Exercise details: Only the number is wanted: how many lines below include "times"?

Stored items
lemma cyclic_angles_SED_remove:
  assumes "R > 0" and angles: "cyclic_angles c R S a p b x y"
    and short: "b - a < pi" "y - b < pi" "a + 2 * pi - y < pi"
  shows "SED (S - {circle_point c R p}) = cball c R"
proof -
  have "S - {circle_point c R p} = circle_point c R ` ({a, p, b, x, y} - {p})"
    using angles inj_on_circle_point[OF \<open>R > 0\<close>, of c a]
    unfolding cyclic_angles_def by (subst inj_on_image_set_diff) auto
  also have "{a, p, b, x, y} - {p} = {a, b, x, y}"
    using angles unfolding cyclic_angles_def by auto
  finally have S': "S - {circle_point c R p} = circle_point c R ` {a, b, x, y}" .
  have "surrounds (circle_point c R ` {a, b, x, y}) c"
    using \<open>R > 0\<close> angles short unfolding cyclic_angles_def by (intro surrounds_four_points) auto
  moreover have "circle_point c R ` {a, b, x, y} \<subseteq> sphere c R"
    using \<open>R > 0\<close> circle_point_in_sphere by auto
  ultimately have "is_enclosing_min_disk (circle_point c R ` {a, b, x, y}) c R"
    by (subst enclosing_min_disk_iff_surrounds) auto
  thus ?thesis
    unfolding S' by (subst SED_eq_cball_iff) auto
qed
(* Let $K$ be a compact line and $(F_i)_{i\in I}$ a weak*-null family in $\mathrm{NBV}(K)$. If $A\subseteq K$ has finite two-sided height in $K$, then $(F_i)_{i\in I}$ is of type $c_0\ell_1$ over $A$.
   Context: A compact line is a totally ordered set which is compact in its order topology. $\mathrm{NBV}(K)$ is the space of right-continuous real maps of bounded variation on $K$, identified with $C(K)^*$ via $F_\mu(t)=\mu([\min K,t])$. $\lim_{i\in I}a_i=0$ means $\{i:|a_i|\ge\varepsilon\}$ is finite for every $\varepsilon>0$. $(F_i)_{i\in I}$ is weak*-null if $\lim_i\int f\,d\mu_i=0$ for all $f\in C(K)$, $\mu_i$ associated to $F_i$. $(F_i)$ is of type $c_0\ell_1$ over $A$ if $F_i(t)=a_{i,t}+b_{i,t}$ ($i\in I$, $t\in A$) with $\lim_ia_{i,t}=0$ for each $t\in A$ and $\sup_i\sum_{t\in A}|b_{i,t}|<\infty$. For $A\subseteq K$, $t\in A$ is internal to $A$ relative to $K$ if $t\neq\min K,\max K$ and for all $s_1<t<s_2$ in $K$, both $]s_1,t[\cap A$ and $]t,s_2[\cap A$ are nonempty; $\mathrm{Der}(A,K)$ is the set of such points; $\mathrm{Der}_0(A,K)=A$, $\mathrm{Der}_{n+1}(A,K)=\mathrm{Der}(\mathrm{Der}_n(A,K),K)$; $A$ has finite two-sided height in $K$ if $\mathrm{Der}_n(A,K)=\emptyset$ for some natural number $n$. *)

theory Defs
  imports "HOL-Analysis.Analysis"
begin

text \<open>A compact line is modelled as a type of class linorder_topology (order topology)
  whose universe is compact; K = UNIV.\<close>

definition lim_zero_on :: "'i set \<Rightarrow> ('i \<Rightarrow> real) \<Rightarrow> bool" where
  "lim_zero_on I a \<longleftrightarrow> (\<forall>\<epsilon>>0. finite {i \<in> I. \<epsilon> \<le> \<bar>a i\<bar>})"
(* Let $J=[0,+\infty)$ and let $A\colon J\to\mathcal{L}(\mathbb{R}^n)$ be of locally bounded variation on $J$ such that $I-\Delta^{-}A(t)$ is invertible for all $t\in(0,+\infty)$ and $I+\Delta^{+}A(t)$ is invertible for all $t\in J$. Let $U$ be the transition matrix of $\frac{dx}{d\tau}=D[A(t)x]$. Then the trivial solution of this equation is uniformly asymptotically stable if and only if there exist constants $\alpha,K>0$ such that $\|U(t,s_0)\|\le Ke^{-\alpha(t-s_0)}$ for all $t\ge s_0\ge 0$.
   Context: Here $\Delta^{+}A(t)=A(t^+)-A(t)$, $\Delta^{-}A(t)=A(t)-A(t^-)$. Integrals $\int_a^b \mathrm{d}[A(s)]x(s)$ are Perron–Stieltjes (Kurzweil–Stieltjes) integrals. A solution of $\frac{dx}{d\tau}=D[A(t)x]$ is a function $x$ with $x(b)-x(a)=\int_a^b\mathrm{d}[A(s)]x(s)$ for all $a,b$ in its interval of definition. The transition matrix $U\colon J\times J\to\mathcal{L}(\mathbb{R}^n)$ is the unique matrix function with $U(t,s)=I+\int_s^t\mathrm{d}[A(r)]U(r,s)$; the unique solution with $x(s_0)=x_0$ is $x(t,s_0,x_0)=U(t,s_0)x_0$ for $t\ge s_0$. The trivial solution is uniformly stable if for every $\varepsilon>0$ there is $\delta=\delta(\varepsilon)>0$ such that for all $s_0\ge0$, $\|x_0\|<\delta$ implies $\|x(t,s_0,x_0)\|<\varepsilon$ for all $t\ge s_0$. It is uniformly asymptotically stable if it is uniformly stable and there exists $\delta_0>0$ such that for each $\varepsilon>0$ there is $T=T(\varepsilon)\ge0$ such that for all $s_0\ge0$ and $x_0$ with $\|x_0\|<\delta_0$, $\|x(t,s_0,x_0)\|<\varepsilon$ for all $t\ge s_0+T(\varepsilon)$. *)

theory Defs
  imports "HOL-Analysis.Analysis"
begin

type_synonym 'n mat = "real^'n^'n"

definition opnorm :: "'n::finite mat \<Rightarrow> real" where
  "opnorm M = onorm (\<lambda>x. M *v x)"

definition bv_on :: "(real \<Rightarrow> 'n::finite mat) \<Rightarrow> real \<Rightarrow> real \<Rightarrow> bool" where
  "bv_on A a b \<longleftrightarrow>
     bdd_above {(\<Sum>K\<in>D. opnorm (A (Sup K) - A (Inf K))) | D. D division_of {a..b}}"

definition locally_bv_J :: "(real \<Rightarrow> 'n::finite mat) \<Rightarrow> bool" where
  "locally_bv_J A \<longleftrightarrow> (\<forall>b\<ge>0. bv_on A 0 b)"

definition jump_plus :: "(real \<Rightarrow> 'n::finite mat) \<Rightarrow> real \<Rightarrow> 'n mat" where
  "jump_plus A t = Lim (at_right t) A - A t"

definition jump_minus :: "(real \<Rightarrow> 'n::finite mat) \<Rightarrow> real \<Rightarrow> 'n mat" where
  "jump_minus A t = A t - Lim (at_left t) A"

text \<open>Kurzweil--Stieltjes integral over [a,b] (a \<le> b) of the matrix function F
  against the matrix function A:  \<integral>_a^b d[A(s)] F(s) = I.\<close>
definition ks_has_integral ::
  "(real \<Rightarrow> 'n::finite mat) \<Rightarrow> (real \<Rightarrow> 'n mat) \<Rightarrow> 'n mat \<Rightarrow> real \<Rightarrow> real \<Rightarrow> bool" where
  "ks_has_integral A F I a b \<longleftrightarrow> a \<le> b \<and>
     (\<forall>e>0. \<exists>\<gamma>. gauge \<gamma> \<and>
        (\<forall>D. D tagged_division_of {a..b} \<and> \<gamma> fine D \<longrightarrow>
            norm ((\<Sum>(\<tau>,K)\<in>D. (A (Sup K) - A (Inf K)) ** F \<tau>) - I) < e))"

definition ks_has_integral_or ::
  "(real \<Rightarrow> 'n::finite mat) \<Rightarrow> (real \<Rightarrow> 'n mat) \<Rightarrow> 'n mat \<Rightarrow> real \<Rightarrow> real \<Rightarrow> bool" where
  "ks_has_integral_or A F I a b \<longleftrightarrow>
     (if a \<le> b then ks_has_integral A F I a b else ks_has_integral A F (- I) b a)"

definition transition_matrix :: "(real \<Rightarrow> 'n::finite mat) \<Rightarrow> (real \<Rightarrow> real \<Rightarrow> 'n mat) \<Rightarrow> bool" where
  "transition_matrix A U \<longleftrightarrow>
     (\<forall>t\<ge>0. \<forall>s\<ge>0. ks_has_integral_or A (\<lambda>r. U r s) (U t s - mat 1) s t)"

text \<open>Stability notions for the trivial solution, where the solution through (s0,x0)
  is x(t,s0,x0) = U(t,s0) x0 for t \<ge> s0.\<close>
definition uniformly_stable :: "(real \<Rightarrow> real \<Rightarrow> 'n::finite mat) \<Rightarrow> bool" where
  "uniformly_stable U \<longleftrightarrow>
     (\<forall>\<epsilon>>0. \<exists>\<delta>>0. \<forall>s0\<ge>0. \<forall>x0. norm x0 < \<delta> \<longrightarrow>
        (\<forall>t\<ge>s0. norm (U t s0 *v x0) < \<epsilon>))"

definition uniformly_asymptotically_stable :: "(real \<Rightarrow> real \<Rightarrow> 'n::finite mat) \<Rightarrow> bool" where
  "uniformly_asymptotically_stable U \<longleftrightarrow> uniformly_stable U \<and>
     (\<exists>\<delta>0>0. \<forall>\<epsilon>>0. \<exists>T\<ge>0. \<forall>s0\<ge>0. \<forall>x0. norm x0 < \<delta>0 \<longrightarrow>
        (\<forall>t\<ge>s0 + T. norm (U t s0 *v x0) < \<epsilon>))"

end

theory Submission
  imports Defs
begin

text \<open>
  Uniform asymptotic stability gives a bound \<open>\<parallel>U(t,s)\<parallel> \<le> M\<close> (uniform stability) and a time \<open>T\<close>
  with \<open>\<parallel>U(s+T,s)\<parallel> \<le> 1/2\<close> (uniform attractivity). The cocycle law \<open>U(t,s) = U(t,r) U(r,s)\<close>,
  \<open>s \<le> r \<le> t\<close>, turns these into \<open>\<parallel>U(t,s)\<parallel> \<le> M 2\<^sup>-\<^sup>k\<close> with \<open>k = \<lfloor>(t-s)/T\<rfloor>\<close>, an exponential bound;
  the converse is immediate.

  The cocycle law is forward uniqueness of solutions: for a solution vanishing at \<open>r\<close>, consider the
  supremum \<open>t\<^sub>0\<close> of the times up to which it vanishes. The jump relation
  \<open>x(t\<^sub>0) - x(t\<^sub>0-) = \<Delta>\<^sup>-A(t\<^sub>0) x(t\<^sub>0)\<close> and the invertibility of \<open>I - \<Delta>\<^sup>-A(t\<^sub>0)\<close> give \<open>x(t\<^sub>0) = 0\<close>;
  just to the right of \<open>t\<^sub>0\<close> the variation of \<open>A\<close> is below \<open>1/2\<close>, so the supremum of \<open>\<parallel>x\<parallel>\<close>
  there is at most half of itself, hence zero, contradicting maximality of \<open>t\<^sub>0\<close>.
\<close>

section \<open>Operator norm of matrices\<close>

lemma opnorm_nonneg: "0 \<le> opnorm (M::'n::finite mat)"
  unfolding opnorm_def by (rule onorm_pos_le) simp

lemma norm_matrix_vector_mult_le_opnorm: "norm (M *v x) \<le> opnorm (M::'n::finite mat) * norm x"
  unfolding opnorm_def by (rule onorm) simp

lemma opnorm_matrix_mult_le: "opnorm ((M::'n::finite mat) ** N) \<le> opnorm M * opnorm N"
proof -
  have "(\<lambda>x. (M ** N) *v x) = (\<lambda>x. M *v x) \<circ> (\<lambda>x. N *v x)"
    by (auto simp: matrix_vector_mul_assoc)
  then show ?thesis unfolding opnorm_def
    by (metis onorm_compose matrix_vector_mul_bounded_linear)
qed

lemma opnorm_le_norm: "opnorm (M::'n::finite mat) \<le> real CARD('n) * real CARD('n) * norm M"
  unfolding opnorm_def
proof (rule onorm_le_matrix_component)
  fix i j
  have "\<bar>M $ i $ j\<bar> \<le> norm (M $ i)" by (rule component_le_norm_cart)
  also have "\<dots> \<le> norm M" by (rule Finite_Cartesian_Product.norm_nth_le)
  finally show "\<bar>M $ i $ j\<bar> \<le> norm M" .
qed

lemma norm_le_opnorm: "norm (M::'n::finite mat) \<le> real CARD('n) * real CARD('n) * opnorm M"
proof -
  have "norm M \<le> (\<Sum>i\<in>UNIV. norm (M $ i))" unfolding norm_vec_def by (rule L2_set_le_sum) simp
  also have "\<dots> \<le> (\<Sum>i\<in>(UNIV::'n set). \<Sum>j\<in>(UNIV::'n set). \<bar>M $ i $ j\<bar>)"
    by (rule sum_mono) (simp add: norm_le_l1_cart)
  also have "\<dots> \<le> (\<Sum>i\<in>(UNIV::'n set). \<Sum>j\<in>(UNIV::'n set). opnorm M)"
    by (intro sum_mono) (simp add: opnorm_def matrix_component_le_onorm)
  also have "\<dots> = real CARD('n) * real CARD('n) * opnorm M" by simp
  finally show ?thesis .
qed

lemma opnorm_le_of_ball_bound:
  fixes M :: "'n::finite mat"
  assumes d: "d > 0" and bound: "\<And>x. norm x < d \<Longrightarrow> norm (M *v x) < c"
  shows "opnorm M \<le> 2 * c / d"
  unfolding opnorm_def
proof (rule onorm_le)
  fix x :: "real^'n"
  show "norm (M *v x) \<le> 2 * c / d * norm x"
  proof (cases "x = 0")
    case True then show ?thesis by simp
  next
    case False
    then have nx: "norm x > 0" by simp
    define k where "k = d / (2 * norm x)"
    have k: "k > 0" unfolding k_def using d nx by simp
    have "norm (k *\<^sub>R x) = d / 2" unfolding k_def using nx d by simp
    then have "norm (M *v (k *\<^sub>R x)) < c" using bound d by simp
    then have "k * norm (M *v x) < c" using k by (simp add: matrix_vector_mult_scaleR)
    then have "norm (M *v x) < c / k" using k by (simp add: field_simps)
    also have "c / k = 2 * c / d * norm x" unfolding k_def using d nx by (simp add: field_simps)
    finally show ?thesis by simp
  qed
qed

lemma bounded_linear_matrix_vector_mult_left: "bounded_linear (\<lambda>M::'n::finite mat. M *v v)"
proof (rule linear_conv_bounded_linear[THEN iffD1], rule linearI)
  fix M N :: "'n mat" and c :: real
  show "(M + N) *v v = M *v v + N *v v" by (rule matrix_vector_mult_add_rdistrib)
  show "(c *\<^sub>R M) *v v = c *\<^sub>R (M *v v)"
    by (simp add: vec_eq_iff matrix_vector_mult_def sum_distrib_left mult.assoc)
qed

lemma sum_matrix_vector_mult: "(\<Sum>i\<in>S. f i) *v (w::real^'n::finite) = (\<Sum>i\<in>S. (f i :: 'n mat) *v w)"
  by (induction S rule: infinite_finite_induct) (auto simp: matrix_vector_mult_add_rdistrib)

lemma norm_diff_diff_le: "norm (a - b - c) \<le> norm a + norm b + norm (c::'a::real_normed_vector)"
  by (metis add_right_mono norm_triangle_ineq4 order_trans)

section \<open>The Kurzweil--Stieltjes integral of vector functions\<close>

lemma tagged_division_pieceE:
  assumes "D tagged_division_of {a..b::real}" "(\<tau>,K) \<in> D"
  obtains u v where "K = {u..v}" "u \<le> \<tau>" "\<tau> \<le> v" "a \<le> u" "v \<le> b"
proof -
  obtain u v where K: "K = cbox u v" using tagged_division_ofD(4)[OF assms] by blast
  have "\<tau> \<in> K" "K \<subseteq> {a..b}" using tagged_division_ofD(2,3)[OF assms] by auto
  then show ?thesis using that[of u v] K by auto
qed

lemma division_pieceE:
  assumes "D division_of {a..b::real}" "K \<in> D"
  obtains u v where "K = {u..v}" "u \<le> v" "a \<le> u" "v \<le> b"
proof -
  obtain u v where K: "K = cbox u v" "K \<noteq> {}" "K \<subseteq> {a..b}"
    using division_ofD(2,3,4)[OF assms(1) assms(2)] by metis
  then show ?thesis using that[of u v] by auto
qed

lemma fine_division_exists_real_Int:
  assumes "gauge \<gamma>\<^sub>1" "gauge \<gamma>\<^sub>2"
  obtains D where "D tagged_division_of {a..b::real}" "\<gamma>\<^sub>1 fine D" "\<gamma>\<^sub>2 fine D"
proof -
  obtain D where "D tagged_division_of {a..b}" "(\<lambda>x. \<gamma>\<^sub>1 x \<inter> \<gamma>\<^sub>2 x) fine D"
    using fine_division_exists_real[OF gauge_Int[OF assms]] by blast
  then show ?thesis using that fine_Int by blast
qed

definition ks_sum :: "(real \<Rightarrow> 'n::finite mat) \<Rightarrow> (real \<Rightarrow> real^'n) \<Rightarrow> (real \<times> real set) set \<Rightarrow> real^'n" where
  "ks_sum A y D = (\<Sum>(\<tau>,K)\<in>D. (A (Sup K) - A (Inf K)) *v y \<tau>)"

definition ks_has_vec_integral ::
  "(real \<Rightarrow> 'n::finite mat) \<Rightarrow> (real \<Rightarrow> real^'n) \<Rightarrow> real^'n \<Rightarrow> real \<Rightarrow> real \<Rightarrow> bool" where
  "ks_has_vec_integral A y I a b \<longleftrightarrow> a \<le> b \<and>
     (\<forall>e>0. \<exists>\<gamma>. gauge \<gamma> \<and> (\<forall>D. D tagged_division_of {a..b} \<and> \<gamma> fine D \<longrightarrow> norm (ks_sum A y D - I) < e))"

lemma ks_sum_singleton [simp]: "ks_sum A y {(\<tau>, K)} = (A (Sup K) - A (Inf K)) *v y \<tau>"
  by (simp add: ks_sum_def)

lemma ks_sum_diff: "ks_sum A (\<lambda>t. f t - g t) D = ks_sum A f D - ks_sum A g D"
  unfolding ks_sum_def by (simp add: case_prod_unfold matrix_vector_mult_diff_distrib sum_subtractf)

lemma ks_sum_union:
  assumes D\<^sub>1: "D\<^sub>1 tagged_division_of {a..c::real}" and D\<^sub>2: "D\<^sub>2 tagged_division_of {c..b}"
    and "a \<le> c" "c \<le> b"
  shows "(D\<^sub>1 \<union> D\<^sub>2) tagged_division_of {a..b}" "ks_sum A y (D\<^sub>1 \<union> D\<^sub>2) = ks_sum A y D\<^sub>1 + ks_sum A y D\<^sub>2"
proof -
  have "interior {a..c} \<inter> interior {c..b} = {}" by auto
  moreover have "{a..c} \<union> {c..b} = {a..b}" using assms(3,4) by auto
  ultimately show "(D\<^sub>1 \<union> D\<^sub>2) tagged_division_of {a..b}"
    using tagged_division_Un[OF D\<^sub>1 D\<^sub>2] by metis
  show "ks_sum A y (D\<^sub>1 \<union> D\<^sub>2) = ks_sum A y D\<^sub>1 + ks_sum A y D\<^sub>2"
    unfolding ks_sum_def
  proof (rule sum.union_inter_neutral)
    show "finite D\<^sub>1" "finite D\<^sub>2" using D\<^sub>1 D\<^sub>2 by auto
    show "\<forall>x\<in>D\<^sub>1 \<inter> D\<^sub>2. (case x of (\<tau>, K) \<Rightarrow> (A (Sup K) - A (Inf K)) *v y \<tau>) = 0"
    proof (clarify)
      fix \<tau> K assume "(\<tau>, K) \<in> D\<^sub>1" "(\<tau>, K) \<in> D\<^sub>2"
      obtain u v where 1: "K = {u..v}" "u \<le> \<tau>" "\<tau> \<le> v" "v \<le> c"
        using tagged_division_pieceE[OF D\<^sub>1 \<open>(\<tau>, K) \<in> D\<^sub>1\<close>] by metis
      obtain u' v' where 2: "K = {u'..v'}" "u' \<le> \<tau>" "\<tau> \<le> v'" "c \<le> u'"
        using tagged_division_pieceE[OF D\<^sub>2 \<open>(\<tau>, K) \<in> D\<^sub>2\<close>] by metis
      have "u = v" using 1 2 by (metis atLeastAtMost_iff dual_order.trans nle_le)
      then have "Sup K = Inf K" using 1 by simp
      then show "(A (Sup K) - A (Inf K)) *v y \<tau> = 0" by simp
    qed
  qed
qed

Exercise result: 3